All lines below containing the string "False" are to be copied.
☆ ☆ ☆ ☆
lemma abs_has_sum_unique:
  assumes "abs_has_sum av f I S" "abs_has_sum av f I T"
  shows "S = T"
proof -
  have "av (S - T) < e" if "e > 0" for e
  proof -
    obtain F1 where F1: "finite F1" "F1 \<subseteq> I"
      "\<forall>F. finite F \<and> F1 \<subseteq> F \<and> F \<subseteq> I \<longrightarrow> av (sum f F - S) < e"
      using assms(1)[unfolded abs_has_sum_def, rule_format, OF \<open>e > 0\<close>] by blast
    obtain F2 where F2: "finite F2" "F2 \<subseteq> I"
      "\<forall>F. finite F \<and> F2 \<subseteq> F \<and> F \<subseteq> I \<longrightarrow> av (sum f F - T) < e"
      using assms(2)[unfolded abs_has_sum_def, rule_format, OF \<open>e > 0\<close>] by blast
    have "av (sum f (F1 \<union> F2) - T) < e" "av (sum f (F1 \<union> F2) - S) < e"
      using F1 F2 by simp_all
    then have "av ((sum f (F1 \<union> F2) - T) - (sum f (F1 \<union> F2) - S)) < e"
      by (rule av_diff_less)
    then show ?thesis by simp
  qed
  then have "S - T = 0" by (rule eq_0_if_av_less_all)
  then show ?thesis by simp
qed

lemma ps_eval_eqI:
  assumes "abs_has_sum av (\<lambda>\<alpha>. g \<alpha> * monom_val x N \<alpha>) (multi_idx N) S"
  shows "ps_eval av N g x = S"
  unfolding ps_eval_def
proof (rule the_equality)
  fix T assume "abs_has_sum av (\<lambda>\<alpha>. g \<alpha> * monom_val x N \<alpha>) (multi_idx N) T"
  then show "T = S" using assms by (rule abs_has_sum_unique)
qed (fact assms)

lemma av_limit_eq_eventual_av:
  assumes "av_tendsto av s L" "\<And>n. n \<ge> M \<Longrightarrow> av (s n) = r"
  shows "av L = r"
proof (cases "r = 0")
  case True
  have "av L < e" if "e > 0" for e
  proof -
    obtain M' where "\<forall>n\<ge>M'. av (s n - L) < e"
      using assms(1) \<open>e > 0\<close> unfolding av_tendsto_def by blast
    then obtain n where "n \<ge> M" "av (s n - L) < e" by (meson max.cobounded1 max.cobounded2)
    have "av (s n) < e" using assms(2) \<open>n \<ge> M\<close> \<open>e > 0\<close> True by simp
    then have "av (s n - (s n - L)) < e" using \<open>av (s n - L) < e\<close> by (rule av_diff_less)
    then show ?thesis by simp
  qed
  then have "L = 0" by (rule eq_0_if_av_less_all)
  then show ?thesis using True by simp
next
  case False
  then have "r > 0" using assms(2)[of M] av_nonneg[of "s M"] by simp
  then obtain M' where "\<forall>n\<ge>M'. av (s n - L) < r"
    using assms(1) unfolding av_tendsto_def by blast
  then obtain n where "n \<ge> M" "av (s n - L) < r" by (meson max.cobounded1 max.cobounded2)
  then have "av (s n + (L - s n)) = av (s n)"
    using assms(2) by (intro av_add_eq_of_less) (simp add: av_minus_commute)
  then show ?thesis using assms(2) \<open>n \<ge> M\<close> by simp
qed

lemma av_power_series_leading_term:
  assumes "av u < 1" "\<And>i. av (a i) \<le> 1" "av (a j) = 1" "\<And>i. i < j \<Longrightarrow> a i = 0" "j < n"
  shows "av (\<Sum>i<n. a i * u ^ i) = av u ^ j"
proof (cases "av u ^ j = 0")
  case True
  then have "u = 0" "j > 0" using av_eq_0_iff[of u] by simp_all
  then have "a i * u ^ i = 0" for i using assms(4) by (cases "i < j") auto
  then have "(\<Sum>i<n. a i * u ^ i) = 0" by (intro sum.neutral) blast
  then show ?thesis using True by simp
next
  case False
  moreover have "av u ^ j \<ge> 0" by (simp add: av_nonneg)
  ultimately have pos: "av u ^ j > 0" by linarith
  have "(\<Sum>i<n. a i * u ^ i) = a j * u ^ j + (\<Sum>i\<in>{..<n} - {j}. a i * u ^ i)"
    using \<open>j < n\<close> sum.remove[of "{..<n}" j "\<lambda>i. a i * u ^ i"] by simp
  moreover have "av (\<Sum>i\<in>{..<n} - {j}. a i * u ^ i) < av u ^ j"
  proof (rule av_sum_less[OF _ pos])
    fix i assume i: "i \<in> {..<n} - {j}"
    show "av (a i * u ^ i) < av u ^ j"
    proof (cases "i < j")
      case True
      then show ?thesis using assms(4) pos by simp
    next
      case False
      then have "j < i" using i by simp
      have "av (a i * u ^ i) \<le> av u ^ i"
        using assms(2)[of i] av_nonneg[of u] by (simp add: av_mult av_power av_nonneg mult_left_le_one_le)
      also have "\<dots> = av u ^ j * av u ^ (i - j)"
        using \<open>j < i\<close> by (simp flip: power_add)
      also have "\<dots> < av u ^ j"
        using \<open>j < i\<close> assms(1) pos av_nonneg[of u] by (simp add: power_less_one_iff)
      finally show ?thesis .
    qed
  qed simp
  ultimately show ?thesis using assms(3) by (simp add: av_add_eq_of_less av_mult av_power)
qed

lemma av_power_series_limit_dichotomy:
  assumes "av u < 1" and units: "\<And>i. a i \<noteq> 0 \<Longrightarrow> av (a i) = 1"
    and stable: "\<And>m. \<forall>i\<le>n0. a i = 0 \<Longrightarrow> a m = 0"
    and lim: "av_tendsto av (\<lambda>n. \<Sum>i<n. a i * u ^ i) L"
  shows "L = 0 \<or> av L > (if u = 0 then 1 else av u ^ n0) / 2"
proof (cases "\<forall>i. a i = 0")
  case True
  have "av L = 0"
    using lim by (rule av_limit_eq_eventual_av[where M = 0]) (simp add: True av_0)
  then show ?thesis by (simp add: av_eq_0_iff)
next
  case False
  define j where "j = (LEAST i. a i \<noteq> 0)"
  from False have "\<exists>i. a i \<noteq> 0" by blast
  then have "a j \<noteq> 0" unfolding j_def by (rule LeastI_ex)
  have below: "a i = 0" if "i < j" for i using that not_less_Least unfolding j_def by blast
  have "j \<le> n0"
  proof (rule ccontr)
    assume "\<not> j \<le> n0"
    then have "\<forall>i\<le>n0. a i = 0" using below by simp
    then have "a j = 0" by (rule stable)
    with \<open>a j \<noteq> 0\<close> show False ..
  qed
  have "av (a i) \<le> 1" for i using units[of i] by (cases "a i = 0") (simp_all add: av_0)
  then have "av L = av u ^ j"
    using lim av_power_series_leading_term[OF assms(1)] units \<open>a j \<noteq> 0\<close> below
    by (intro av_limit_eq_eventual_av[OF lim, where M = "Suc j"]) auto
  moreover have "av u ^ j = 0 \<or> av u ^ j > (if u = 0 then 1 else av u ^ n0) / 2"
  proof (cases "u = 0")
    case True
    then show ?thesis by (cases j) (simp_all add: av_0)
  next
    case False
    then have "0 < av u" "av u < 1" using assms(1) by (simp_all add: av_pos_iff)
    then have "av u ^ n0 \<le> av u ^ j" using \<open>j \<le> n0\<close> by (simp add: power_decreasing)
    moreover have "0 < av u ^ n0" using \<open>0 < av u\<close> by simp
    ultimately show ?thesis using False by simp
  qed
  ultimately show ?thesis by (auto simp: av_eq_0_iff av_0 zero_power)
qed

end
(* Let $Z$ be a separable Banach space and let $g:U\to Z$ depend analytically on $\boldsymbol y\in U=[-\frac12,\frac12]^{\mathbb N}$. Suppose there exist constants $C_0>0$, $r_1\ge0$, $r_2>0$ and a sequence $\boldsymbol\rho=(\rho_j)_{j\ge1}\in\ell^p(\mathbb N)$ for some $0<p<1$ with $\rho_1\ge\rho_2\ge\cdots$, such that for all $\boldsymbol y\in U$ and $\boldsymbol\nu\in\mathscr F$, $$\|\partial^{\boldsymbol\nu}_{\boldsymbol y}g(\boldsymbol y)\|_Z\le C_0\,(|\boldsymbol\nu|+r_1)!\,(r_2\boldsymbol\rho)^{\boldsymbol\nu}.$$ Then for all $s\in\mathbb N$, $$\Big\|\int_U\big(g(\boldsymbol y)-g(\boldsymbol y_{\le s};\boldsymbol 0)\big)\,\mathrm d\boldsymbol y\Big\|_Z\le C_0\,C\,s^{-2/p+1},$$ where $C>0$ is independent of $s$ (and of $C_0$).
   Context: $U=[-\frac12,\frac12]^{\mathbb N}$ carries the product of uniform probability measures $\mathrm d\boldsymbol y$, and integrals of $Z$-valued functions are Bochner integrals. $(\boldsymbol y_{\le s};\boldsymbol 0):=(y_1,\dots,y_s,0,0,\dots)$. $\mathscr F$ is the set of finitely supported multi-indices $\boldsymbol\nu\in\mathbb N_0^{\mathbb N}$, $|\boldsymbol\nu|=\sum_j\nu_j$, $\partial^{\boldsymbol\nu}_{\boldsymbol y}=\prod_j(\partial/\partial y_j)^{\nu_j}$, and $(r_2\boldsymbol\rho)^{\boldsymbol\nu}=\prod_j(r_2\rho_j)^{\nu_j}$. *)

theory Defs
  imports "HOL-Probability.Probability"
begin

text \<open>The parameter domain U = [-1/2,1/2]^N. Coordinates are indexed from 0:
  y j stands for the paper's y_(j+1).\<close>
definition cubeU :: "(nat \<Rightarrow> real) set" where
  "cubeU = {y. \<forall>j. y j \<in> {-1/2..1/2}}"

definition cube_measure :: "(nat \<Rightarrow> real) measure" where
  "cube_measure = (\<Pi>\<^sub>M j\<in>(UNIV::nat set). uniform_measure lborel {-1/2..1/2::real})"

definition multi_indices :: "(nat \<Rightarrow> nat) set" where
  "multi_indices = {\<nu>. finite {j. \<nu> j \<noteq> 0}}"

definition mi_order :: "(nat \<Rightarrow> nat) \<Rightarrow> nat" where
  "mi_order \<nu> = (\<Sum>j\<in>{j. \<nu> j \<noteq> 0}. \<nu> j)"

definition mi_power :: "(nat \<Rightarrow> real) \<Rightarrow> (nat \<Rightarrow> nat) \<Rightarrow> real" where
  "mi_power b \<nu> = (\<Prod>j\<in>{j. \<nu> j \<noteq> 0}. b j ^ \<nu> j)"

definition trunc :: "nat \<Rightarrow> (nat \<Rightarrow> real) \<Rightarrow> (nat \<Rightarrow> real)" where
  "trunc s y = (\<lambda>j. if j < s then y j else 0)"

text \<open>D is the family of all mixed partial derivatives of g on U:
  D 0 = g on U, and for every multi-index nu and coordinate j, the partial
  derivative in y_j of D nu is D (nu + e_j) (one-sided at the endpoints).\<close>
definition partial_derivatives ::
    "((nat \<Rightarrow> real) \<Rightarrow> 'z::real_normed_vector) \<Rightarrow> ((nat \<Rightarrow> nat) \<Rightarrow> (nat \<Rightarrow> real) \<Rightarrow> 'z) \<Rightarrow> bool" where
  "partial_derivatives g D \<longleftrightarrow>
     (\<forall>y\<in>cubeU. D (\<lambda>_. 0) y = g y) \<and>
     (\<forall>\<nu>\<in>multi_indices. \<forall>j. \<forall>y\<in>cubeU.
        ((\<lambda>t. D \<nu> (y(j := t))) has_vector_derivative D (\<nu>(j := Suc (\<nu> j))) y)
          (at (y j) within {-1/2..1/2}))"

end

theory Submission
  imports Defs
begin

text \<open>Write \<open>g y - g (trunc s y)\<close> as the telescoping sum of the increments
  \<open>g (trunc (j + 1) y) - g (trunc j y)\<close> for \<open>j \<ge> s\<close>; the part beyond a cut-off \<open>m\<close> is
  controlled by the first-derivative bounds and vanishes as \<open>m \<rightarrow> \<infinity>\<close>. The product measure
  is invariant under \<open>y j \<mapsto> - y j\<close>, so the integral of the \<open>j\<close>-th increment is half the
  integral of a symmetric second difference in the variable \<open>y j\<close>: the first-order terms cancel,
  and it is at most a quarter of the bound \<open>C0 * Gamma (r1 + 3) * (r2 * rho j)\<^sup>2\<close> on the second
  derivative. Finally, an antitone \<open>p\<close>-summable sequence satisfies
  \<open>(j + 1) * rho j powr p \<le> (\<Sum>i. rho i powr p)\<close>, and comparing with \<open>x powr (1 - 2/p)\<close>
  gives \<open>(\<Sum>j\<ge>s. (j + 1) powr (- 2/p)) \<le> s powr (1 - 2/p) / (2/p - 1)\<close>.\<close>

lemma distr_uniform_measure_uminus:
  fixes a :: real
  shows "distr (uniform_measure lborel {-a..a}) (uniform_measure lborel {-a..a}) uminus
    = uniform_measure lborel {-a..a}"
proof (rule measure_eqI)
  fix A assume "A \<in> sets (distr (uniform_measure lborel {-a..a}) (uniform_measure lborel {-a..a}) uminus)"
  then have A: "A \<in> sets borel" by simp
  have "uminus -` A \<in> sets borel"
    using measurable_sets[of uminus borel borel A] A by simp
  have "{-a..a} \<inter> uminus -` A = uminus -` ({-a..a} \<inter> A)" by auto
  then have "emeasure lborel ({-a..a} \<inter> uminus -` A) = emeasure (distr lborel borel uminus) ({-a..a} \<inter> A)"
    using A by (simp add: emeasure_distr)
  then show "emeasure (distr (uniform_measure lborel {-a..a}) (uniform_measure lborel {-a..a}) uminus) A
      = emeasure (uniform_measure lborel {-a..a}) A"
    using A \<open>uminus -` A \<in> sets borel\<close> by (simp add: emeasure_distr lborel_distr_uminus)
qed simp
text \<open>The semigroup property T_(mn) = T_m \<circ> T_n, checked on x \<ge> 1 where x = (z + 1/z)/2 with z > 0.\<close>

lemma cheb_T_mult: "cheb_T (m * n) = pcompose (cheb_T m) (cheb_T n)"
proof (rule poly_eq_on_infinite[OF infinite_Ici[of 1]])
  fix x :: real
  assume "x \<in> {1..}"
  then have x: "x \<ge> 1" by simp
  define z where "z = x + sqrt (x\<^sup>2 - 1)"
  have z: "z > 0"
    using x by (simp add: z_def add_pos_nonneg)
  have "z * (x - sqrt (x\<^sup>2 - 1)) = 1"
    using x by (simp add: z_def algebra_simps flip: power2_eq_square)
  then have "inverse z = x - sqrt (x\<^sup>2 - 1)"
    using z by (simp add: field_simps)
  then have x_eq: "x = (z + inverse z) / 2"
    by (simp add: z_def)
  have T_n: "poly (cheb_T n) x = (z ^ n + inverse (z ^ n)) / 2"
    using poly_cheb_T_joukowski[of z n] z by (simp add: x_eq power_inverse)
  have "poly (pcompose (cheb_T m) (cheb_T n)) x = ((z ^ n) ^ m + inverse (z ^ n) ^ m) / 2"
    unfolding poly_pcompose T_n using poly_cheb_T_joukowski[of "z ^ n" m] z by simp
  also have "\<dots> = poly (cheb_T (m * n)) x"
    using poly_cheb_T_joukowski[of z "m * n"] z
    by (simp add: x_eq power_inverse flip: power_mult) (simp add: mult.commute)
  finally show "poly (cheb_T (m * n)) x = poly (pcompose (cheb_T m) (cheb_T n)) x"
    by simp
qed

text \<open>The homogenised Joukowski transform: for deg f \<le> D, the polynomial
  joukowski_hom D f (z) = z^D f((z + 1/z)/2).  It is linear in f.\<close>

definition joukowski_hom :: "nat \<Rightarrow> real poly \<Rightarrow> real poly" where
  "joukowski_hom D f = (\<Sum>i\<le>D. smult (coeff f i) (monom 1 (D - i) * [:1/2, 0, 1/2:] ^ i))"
☆ ☆ ☆ ☆
◆ Answer:
  case False
  case False
      case False
  case False
  from False have "\<exists>i. a i \<noteq> 0" by blast
    with \<open>a j \<noteq> 0\<close> show False ..
    case False
    ultimately show ?thesis using False by simp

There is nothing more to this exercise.